* [ASSIGNMENT] From the data that follows, copy every line with the string "filter".

* [EXCERPTED DATA]

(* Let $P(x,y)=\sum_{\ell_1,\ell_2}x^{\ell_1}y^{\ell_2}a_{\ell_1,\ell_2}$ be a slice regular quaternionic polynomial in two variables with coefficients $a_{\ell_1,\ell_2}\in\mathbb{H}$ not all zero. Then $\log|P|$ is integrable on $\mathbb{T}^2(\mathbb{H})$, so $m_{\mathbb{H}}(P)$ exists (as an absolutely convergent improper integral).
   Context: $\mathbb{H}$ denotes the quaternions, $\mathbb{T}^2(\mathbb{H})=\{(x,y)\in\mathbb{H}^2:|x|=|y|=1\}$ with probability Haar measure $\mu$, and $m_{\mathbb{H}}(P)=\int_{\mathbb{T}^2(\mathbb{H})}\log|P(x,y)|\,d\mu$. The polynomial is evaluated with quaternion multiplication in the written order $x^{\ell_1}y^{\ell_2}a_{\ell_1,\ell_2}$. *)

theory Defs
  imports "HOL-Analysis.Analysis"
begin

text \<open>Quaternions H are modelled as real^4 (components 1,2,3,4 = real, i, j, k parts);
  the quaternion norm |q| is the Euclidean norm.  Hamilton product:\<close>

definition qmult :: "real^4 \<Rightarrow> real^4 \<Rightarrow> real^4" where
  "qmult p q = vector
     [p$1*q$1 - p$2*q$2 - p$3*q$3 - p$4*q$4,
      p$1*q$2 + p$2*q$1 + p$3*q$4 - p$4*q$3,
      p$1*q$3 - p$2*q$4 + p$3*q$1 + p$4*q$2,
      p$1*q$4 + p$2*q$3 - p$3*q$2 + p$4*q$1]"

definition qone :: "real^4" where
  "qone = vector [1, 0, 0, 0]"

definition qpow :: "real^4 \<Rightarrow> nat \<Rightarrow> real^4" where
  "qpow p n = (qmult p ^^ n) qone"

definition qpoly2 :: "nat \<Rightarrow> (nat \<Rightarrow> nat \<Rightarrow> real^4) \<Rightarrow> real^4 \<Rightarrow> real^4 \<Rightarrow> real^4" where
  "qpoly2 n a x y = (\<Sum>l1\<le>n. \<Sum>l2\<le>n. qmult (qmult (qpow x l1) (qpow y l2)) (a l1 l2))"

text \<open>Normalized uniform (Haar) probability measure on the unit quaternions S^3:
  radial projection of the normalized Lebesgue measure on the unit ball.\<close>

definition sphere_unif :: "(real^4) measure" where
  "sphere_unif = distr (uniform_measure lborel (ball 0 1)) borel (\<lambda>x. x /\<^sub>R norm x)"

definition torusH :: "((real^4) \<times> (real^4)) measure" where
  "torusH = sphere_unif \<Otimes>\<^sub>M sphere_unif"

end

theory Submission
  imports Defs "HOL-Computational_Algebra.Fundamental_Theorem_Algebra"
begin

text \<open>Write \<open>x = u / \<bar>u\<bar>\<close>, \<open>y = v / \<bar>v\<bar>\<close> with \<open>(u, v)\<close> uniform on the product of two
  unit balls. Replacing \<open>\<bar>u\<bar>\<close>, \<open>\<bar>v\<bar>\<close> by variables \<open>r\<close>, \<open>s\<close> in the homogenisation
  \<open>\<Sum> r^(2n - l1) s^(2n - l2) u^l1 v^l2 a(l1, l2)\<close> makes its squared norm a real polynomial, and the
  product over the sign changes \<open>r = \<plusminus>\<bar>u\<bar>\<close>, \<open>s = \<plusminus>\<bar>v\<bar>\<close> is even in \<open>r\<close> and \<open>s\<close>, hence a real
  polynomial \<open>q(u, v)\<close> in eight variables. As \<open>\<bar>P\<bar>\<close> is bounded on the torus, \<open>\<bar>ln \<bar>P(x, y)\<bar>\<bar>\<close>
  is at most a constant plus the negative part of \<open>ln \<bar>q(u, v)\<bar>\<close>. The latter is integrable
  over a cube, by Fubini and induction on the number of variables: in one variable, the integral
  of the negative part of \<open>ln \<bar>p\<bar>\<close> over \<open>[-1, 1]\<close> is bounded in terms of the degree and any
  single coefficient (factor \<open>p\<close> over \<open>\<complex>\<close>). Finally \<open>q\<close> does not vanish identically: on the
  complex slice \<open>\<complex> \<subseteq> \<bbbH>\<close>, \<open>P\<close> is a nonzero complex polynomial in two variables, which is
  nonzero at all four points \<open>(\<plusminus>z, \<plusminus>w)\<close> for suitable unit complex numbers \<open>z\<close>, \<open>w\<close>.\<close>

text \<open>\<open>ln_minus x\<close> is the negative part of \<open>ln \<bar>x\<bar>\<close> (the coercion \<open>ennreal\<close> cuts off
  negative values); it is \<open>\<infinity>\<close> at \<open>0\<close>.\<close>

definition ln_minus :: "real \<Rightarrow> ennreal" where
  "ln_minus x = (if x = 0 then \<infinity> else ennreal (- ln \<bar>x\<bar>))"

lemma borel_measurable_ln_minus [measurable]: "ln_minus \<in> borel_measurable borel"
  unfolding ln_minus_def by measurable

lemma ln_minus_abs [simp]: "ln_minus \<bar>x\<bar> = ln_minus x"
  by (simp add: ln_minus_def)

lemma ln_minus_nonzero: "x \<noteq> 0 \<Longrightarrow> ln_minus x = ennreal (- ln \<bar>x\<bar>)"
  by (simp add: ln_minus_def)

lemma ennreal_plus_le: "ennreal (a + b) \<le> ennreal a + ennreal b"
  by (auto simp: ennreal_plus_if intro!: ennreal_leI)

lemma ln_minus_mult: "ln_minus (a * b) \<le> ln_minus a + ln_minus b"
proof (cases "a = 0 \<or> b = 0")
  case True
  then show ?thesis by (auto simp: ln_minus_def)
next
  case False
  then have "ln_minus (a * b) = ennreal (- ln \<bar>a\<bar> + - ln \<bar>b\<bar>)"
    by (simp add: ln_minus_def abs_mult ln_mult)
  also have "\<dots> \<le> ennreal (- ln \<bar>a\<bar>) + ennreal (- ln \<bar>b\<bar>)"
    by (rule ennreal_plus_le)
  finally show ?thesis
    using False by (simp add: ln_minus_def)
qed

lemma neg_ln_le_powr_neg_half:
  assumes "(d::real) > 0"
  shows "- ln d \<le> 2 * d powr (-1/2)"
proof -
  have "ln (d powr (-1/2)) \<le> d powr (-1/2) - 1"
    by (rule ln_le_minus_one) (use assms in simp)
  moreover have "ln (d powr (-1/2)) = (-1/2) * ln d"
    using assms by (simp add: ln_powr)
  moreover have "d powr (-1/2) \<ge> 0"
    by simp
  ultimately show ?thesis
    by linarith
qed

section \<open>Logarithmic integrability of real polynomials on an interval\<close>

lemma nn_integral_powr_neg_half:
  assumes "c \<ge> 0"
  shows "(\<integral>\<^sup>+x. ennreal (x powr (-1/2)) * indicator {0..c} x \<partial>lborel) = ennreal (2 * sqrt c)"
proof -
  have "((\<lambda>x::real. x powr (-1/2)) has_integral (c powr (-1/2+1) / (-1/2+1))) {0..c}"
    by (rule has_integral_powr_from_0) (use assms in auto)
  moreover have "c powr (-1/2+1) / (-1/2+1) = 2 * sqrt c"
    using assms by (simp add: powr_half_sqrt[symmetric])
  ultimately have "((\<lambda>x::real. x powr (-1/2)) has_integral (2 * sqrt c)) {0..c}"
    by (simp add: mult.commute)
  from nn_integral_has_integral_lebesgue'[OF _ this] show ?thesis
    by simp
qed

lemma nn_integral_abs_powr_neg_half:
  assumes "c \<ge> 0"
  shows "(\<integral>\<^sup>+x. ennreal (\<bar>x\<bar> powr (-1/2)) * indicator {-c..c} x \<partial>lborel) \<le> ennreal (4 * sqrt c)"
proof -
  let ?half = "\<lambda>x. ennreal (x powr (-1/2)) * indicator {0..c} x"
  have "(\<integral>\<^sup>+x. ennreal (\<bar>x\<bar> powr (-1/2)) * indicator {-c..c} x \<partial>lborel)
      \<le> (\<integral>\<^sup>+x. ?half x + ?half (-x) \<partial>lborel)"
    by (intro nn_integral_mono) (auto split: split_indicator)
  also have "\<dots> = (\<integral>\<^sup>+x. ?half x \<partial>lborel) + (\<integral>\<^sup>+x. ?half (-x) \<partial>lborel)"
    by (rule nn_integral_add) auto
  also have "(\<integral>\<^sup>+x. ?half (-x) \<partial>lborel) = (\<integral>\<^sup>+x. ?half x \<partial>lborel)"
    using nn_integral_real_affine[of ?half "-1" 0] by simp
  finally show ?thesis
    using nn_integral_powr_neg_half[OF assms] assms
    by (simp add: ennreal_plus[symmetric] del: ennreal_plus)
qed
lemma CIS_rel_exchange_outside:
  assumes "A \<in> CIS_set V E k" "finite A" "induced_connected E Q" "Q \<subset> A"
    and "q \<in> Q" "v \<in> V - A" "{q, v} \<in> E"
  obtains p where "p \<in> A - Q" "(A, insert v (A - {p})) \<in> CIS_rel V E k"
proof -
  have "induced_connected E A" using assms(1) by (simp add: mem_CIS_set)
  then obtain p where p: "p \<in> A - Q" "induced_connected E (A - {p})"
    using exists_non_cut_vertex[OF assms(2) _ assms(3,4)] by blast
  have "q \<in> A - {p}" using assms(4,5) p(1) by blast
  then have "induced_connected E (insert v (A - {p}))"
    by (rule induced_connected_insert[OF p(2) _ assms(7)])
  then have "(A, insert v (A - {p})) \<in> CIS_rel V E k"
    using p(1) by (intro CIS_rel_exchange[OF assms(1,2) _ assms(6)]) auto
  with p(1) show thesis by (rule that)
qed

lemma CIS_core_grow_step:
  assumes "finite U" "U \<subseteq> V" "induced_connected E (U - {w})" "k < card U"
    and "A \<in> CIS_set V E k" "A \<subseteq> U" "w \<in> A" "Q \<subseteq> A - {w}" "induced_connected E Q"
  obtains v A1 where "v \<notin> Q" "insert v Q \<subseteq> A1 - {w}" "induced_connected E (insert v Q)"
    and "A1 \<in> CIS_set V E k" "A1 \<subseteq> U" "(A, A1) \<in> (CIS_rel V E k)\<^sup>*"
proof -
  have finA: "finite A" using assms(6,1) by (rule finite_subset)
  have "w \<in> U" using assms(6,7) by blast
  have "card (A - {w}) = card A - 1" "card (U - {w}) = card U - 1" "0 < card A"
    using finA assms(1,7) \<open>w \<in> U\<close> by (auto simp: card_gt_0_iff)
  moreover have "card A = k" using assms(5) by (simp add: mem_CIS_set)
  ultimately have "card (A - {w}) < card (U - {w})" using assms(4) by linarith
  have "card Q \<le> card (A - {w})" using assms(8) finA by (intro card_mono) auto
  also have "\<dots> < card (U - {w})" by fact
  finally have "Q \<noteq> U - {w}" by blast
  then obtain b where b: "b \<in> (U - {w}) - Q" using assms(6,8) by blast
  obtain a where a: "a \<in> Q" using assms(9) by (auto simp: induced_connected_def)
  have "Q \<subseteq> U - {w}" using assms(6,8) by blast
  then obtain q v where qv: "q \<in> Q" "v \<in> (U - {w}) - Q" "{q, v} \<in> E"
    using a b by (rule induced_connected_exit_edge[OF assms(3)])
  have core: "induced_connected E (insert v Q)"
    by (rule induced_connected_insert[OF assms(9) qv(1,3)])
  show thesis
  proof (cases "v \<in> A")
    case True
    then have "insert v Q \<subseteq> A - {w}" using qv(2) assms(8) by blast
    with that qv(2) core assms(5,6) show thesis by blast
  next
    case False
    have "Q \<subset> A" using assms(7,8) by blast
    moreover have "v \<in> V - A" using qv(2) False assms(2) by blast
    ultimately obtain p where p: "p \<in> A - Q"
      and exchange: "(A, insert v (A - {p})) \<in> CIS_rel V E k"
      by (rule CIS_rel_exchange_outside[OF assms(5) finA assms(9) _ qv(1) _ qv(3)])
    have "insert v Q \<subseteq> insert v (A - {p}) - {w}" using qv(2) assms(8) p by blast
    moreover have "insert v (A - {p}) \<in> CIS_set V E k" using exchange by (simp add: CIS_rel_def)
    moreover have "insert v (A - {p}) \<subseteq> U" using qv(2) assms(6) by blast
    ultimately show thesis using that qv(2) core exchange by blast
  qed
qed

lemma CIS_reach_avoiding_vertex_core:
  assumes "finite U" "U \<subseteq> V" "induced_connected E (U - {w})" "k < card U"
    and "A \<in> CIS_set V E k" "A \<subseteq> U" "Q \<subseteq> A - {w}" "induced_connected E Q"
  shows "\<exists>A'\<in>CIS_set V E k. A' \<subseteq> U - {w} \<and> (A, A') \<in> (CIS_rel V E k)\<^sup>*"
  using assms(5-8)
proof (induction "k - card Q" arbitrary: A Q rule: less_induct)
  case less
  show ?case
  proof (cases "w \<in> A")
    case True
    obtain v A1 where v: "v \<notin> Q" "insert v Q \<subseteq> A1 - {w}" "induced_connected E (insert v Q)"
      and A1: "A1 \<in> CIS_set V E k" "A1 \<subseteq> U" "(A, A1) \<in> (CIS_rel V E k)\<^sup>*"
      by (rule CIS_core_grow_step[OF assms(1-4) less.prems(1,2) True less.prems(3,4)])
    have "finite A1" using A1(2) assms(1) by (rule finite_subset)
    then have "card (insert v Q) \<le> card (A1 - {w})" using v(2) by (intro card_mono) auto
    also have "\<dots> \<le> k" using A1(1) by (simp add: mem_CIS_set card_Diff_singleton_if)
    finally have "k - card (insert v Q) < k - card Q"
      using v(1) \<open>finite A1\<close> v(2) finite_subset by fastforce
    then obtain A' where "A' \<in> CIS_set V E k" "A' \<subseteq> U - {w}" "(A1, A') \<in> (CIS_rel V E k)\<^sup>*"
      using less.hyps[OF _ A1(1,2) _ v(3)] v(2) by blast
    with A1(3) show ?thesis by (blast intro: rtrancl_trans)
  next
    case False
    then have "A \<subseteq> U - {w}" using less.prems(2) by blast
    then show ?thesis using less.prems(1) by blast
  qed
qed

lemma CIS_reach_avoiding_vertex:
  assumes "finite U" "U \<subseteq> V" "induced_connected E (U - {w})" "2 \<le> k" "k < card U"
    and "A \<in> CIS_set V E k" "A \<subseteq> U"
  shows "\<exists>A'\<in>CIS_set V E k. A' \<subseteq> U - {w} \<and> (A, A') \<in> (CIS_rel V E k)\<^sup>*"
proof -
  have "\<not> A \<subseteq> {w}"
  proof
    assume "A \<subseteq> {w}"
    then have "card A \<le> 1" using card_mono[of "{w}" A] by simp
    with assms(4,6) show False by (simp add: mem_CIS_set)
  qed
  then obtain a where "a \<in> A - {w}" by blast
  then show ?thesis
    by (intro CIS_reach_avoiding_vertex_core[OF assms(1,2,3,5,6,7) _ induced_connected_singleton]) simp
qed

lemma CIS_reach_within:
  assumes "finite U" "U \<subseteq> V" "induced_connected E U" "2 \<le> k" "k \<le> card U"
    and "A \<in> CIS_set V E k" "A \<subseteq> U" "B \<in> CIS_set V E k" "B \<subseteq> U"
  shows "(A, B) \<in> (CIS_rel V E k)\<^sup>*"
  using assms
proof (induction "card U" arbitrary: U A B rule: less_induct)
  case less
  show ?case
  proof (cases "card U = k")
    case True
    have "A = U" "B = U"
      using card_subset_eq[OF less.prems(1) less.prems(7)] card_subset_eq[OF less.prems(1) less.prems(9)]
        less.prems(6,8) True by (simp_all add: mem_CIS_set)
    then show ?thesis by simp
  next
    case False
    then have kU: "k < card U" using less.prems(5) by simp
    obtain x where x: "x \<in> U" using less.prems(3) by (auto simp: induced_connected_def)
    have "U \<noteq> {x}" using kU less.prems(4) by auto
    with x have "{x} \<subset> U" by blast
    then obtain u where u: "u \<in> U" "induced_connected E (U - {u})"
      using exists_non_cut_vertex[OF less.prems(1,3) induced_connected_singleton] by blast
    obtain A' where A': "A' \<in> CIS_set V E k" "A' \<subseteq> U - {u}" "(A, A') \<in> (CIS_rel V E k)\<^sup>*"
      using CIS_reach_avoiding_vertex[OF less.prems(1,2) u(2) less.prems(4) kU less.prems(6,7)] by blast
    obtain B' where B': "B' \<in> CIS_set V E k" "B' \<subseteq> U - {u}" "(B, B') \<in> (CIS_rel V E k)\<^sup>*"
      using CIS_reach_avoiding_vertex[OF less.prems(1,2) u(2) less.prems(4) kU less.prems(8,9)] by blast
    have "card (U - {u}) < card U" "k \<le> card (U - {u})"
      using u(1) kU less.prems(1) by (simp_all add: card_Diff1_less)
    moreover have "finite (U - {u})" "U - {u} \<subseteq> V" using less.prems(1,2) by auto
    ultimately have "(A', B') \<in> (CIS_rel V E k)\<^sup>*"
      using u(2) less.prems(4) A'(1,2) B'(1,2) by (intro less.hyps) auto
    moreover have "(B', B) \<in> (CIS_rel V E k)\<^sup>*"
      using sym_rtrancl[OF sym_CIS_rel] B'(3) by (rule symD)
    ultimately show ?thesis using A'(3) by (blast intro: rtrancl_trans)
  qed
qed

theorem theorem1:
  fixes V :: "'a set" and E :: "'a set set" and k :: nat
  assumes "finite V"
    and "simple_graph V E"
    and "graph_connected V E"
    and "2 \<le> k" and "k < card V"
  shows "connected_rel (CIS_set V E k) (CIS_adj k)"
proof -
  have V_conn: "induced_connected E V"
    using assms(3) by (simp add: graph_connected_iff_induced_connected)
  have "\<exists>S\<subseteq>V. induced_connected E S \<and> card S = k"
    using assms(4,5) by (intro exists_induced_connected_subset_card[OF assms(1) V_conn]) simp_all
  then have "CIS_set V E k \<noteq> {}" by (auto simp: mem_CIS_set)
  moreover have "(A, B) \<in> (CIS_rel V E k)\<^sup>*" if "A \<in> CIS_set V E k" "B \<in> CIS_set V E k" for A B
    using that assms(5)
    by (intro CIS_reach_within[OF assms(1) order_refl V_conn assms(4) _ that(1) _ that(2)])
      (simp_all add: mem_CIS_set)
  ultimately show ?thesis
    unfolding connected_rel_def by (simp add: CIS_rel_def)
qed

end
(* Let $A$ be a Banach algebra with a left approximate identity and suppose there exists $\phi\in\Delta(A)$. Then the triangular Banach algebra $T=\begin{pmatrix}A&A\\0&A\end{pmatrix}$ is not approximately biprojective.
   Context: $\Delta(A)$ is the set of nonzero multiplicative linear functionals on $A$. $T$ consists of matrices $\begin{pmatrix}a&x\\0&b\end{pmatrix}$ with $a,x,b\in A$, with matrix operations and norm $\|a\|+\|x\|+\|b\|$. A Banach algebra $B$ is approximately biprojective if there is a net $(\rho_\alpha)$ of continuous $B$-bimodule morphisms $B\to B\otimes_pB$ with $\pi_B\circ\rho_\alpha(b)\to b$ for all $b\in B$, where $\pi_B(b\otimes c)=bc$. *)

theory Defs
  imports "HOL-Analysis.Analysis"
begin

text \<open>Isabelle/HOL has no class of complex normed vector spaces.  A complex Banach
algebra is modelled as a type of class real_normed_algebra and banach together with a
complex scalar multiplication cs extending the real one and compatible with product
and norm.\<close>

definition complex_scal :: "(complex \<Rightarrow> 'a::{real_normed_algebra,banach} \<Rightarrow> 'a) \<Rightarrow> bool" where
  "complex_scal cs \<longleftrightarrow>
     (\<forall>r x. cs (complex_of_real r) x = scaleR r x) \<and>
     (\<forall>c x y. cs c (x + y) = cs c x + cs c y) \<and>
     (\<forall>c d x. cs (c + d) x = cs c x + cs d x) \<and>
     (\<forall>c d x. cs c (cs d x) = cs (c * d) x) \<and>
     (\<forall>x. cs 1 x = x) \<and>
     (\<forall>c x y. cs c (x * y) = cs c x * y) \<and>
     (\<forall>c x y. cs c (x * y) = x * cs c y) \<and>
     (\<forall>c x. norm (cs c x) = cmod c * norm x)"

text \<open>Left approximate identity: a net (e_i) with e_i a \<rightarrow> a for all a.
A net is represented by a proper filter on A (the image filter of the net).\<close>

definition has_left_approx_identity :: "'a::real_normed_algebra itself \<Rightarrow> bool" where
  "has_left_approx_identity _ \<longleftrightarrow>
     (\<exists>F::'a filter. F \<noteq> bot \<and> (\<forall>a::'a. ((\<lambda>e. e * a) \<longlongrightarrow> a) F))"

* [RESPONSE TO THE TASK]
A net is represented by a proper filter on A (the image filter of the net).\<close>
     (\<exists>F::'a filter. F \<noteq> bot \<and> (\<forall>a::'a. ((\<lambda>e. e * a) \<longlongrightarrow> a) F))"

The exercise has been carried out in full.